Find all lines below containing the string "subseteq" and return them.

--- Supplied entries ---

********

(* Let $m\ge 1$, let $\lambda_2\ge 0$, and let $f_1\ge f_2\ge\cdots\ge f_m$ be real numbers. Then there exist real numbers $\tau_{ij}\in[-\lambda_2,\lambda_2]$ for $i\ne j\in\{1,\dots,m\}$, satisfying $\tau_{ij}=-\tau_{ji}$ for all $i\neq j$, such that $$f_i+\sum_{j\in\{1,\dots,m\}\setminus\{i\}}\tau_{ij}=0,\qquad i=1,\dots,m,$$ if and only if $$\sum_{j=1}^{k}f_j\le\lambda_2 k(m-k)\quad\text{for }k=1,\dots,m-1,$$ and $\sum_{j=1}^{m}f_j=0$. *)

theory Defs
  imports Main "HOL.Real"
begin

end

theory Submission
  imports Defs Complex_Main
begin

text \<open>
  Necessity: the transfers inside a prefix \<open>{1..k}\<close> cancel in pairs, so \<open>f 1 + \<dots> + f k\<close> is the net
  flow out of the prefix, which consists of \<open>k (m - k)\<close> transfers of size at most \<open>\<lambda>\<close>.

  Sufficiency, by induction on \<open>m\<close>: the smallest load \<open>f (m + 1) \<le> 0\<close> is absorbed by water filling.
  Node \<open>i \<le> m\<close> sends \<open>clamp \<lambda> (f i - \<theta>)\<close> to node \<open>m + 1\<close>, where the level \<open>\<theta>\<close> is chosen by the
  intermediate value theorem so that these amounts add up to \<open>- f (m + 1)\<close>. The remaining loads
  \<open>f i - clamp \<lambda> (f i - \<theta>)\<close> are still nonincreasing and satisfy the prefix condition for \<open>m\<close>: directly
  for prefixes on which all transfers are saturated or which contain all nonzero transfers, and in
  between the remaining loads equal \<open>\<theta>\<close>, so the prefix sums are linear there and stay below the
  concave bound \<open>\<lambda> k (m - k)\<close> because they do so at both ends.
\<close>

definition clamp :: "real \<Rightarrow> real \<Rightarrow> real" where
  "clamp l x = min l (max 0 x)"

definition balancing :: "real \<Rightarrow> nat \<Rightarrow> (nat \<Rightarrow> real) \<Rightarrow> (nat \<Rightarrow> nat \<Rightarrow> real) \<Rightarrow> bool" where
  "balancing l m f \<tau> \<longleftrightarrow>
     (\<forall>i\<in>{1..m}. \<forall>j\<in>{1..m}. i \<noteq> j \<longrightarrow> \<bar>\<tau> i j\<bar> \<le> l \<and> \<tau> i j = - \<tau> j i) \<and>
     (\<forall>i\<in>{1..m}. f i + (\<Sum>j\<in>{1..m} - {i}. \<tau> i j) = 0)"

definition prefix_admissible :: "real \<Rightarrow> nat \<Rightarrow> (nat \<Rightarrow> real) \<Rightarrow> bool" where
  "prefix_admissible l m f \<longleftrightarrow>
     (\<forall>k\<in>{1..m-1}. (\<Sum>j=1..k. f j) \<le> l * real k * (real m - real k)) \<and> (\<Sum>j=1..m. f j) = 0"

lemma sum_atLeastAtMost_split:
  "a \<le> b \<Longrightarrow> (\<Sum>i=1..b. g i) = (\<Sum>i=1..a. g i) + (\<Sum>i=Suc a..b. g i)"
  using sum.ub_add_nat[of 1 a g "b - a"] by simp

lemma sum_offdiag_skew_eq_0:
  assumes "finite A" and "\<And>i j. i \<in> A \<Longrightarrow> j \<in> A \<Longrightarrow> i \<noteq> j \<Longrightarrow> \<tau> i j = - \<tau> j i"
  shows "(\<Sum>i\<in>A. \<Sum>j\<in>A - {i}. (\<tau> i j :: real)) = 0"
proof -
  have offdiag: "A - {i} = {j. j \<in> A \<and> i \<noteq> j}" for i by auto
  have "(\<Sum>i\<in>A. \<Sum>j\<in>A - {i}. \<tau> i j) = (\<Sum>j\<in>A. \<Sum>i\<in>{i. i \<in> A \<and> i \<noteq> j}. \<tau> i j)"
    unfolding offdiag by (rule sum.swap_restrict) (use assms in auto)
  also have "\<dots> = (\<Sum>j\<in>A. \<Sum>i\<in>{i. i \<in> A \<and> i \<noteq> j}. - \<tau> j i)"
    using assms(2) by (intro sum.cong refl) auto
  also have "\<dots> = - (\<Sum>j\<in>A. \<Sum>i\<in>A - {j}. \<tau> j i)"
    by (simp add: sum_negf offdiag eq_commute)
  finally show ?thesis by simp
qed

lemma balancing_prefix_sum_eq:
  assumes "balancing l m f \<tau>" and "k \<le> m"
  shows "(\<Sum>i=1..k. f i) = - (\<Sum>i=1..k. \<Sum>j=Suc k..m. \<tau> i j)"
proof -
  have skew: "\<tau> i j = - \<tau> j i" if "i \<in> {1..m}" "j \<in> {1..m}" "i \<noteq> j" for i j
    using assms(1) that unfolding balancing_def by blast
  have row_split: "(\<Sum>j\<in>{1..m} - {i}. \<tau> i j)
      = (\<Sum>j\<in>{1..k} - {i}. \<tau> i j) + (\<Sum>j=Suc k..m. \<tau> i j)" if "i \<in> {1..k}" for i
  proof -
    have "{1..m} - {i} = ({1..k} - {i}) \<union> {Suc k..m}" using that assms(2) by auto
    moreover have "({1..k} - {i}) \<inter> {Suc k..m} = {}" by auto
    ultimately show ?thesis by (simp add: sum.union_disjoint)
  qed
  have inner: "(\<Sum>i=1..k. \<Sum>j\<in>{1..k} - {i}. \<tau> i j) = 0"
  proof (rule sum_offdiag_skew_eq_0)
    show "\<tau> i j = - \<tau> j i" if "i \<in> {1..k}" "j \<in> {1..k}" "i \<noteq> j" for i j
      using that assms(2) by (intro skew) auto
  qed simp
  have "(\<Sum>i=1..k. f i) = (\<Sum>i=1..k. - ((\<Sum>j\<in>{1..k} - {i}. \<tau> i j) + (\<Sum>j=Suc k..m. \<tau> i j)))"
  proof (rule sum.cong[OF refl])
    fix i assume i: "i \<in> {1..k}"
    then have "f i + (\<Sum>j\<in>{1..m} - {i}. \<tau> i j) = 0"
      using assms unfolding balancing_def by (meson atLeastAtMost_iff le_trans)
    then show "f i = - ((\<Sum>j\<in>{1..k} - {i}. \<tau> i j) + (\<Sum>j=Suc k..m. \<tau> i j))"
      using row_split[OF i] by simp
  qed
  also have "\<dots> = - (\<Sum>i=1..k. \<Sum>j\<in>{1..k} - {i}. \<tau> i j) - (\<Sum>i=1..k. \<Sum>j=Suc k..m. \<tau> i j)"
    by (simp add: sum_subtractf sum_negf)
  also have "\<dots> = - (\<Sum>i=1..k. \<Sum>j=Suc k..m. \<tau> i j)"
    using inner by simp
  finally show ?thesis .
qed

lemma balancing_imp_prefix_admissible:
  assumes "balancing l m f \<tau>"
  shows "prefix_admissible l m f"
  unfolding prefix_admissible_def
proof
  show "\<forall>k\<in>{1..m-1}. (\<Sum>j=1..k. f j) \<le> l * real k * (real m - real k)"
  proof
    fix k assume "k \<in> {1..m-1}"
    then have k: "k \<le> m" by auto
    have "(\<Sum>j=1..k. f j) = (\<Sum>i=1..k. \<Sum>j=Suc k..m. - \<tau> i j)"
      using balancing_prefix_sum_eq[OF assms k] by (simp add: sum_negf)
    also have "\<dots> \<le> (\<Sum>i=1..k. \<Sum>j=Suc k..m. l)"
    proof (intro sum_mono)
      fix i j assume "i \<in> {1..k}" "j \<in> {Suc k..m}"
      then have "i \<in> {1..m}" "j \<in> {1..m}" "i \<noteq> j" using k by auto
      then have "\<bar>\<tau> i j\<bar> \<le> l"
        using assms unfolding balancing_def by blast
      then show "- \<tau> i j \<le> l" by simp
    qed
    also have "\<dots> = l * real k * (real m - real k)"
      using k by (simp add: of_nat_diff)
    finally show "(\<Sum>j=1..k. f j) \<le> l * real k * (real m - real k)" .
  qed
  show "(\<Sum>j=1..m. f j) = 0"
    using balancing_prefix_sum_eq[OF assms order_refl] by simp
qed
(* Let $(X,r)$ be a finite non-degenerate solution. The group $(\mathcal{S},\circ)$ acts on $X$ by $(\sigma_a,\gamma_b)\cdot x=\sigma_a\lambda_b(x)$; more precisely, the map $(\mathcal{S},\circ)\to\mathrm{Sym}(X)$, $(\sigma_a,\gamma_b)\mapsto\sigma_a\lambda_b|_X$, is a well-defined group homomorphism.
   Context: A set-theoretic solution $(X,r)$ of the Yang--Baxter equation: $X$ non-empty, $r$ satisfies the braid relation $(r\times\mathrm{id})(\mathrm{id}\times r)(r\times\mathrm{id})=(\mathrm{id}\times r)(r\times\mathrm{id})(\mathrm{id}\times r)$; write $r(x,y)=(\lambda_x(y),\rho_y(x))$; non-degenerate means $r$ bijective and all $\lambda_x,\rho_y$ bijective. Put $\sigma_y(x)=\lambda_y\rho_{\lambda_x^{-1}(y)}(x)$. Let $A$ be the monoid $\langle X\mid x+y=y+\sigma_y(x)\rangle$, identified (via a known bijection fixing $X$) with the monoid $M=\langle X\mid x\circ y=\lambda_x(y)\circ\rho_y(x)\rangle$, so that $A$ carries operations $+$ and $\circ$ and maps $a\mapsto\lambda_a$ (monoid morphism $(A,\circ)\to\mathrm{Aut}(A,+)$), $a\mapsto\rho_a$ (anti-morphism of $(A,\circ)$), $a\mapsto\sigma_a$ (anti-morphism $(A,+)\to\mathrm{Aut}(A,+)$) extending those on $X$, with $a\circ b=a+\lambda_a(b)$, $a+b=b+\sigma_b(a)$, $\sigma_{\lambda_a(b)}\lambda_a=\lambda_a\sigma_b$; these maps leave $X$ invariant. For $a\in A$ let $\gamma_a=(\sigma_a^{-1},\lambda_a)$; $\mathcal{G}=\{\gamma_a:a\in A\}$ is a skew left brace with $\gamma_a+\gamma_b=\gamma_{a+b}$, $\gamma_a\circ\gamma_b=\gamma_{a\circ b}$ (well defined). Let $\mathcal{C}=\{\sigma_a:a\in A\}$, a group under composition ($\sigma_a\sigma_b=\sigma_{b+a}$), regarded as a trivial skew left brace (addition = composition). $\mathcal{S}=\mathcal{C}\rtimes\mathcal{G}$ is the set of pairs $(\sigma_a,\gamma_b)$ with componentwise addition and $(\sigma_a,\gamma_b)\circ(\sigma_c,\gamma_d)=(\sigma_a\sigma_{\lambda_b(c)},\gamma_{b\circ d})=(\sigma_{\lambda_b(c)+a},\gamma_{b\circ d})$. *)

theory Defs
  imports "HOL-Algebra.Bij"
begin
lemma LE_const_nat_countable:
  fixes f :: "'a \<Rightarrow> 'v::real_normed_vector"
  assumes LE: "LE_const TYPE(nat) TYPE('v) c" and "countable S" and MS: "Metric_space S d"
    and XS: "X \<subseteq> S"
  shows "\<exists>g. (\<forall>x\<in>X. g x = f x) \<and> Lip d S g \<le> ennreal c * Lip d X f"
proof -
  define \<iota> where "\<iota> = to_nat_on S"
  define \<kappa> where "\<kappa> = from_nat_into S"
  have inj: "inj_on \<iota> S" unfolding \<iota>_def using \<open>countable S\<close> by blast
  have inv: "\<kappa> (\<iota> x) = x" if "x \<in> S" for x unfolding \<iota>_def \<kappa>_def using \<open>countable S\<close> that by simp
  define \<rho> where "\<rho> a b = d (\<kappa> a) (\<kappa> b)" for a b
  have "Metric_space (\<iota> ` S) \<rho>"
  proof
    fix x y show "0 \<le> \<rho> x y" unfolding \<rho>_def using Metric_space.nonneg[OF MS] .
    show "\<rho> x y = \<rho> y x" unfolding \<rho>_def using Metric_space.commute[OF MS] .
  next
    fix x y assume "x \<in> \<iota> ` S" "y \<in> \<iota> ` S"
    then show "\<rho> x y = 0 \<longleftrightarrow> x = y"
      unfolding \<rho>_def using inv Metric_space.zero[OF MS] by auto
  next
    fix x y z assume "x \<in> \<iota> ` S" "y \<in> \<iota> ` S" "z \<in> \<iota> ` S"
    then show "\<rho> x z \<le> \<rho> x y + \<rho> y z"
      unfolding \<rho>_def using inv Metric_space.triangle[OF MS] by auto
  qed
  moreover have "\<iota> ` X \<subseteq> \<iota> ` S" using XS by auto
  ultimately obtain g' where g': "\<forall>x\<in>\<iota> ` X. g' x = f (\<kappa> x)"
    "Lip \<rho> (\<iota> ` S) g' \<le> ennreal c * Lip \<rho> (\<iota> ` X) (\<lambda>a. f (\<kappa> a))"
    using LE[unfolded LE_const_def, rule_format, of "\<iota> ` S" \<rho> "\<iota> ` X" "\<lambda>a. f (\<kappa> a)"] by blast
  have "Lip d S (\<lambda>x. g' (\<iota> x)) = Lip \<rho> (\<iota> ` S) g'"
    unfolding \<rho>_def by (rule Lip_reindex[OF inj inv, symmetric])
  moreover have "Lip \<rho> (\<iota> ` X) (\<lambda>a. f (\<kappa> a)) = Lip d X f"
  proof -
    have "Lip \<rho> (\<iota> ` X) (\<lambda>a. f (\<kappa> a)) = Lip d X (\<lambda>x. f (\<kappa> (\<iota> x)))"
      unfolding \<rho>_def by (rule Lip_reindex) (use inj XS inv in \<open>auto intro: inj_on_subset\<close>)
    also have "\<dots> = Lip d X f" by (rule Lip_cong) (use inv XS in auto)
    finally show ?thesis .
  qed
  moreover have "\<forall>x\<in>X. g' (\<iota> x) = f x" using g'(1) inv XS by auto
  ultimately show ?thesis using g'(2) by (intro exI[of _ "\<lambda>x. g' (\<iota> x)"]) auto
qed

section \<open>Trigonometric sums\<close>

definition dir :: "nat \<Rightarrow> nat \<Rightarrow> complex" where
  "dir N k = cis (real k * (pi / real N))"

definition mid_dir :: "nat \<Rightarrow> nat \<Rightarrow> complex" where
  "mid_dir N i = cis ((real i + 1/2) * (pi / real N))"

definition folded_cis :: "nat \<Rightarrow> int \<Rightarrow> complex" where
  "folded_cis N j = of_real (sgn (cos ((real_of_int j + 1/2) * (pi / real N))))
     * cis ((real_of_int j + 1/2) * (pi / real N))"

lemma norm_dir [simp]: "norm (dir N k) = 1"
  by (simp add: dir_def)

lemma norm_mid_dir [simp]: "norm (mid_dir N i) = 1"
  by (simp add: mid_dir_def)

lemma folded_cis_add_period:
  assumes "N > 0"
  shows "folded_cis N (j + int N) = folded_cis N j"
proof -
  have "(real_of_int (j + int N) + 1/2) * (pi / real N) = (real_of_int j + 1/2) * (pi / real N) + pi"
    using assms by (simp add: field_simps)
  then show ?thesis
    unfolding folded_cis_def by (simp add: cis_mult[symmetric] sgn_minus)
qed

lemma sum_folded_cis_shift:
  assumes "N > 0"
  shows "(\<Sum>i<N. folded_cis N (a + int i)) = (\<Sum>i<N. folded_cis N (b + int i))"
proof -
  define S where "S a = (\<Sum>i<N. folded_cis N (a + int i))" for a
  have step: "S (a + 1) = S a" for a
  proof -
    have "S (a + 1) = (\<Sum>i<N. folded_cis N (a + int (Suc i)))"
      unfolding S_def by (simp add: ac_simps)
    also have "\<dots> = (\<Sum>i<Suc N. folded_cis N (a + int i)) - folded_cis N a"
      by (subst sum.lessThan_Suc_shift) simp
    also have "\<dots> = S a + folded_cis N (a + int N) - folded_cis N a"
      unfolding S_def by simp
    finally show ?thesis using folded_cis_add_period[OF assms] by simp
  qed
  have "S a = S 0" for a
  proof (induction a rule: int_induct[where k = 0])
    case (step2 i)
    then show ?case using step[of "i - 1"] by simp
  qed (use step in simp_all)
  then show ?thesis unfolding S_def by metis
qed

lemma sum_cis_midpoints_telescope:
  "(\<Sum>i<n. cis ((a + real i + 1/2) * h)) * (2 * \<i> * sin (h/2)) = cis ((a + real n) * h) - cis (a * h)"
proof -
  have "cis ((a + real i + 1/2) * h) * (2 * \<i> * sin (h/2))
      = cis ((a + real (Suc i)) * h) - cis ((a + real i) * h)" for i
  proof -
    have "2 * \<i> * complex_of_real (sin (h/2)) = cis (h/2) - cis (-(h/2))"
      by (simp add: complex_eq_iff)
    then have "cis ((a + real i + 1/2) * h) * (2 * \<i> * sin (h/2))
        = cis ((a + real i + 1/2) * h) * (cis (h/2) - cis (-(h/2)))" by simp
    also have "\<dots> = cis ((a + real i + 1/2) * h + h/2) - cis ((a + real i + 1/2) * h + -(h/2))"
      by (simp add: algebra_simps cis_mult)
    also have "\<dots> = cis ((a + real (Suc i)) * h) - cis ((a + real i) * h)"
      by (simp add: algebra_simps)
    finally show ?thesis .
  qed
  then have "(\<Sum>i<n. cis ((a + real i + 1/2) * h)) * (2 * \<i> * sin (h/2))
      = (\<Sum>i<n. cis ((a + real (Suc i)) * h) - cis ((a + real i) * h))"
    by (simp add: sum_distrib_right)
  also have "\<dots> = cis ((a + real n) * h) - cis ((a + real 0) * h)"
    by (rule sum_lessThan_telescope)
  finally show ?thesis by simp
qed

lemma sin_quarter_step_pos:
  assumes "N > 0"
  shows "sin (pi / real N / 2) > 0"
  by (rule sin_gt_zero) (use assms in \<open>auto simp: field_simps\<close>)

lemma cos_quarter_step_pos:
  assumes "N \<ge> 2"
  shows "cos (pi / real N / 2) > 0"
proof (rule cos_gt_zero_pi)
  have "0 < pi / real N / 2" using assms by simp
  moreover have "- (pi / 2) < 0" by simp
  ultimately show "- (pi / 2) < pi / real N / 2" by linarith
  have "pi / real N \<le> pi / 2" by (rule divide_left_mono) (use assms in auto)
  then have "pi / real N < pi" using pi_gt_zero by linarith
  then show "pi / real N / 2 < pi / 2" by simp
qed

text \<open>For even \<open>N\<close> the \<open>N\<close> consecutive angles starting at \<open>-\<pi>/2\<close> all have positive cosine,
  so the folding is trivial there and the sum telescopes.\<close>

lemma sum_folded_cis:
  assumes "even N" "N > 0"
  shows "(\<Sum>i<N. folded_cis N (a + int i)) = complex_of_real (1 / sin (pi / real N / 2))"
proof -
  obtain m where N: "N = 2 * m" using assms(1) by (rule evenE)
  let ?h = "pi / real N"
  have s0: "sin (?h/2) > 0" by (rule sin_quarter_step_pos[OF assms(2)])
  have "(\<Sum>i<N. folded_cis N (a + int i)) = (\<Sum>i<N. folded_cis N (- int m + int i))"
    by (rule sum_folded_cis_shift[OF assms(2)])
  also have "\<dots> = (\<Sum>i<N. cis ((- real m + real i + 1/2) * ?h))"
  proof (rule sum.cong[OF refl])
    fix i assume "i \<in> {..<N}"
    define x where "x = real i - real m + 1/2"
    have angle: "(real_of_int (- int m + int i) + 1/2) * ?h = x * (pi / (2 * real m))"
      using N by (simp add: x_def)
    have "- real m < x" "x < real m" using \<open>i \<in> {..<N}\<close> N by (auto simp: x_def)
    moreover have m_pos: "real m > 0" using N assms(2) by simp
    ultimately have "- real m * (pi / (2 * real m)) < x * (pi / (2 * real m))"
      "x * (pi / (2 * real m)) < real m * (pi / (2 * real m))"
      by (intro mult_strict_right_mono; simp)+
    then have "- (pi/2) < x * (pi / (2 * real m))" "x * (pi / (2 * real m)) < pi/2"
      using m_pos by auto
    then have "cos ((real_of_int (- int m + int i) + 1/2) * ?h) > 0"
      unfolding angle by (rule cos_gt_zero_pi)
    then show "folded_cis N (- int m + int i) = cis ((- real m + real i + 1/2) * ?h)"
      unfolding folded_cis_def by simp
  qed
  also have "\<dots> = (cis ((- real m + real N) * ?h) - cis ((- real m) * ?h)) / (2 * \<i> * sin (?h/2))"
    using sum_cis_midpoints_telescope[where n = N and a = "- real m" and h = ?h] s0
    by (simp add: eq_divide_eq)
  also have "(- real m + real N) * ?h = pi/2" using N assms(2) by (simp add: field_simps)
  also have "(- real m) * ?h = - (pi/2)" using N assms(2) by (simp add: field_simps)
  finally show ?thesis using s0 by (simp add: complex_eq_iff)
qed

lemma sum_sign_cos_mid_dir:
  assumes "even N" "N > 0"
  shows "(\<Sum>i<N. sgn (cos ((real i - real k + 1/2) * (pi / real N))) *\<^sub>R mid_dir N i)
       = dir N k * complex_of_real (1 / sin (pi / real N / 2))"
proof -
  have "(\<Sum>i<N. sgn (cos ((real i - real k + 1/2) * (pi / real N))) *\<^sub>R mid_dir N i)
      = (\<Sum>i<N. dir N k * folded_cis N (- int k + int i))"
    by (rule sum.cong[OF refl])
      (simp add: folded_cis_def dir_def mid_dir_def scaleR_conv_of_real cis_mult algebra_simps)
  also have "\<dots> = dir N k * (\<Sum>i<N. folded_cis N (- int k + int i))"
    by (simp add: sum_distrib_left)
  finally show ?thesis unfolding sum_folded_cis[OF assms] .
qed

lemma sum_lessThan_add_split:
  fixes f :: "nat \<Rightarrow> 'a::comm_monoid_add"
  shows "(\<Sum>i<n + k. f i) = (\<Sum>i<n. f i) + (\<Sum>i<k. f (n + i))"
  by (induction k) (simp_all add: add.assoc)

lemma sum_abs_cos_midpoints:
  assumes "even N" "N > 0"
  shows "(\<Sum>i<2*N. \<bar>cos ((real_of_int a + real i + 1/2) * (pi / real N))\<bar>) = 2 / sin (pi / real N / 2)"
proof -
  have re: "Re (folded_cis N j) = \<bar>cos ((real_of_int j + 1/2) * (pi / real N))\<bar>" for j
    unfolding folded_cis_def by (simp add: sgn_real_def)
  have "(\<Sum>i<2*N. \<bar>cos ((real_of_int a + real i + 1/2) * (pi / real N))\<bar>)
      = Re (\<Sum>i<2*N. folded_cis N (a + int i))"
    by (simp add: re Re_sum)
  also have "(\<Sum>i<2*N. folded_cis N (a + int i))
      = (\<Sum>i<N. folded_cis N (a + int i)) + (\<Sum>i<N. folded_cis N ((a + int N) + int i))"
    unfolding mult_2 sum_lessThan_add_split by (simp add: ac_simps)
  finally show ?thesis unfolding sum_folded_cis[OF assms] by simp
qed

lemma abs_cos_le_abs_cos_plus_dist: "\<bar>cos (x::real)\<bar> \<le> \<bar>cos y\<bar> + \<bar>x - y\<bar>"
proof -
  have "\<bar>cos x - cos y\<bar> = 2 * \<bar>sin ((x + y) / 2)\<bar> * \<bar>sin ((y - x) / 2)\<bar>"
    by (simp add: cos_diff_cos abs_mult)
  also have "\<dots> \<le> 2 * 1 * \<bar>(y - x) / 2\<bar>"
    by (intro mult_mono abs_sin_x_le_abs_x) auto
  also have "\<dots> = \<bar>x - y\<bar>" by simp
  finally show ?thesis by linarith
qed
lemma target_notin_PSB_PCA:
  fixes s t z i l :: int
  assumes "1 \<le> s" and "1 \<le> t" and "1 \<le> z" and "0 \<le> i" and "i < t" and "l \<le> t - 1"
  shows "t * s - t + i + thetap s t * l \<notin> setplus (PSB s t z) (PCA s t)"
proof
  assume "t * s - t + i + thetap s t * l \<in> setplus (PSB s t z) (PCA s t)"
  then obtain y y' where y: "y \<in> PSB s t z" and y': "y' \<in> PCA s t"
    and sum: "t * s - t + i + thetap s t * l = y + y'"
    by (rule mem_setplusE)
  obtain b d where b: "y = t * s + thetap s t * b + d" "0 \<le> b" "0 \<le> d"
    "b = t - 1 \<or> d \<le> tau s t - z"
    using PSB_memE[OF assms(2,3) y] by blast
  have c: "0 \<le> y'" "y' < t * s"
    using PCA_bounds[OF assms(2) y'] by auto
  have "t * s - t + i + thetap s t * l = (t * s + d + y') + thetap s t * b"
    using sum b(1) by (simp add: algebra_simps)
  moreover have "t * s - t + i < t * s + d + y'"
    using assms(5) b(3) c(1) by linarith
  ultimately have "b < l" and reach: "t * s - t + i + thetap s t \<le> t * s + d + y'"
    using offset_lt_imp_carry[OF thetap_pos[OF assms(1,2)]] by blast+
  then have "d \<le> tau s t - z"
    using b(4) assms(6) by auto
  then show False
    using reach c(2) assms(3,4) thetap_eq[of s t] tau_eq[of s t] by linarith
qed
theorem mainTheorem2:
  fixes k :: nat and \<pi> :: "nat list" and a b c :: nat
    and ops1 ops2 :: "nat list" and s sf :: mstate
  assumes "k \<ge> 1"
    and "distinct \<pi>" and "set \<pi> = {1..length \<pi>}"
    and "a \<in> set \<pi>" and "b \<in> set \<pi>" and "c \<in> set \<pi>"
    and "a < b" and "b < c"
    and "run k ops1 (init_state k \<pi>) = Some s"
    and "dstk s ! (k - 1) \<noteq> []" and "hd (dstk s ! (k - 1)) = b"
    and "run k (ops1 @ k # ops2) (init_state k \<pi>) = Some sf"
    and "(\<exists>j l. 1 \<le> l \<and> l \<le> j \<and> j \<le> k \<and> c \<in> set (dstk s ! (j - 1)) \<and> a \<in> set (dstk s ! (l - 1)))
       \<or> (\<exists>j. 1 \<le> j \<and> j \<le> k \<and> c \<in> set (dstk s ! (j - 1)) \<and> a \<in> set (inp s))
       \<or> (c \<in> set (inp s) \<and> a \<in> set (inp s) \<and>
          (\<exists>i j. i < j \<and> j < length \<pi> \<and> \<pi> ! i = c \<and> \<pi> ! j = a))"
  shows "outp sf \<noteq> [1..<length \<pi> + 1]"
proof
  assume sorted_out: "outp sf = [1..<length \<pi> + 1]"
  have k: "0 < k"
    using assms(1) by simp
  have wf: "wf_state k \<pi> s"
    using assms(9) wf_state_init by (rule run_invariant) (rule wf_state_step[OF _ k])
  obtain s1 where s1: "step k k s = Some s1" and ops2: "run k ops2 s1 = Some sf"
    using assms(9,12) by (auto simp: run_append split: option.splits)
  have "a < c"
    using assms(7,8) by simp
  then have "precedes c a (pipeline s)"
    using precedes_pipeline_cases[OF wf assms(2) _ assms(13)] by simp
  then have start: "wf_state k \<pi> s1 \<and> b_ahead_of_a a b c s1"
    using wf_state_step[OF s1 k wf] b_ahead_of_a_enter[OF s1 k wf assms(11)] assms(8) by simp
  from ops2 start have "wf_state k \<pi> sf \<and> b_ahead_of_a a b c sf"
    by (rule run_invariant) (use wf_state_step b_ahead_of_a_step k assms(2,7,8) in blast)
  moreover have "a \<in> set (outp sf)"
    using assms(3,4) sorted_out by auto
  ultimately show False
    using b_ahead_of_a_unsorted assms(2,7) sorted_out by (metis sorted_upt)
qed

********

--- Response to this task ---
    and XS: "X \<subseteq> S"
  moreover have "\<iota> ` X \<subseteq> \<iota> ` S" using XS by auto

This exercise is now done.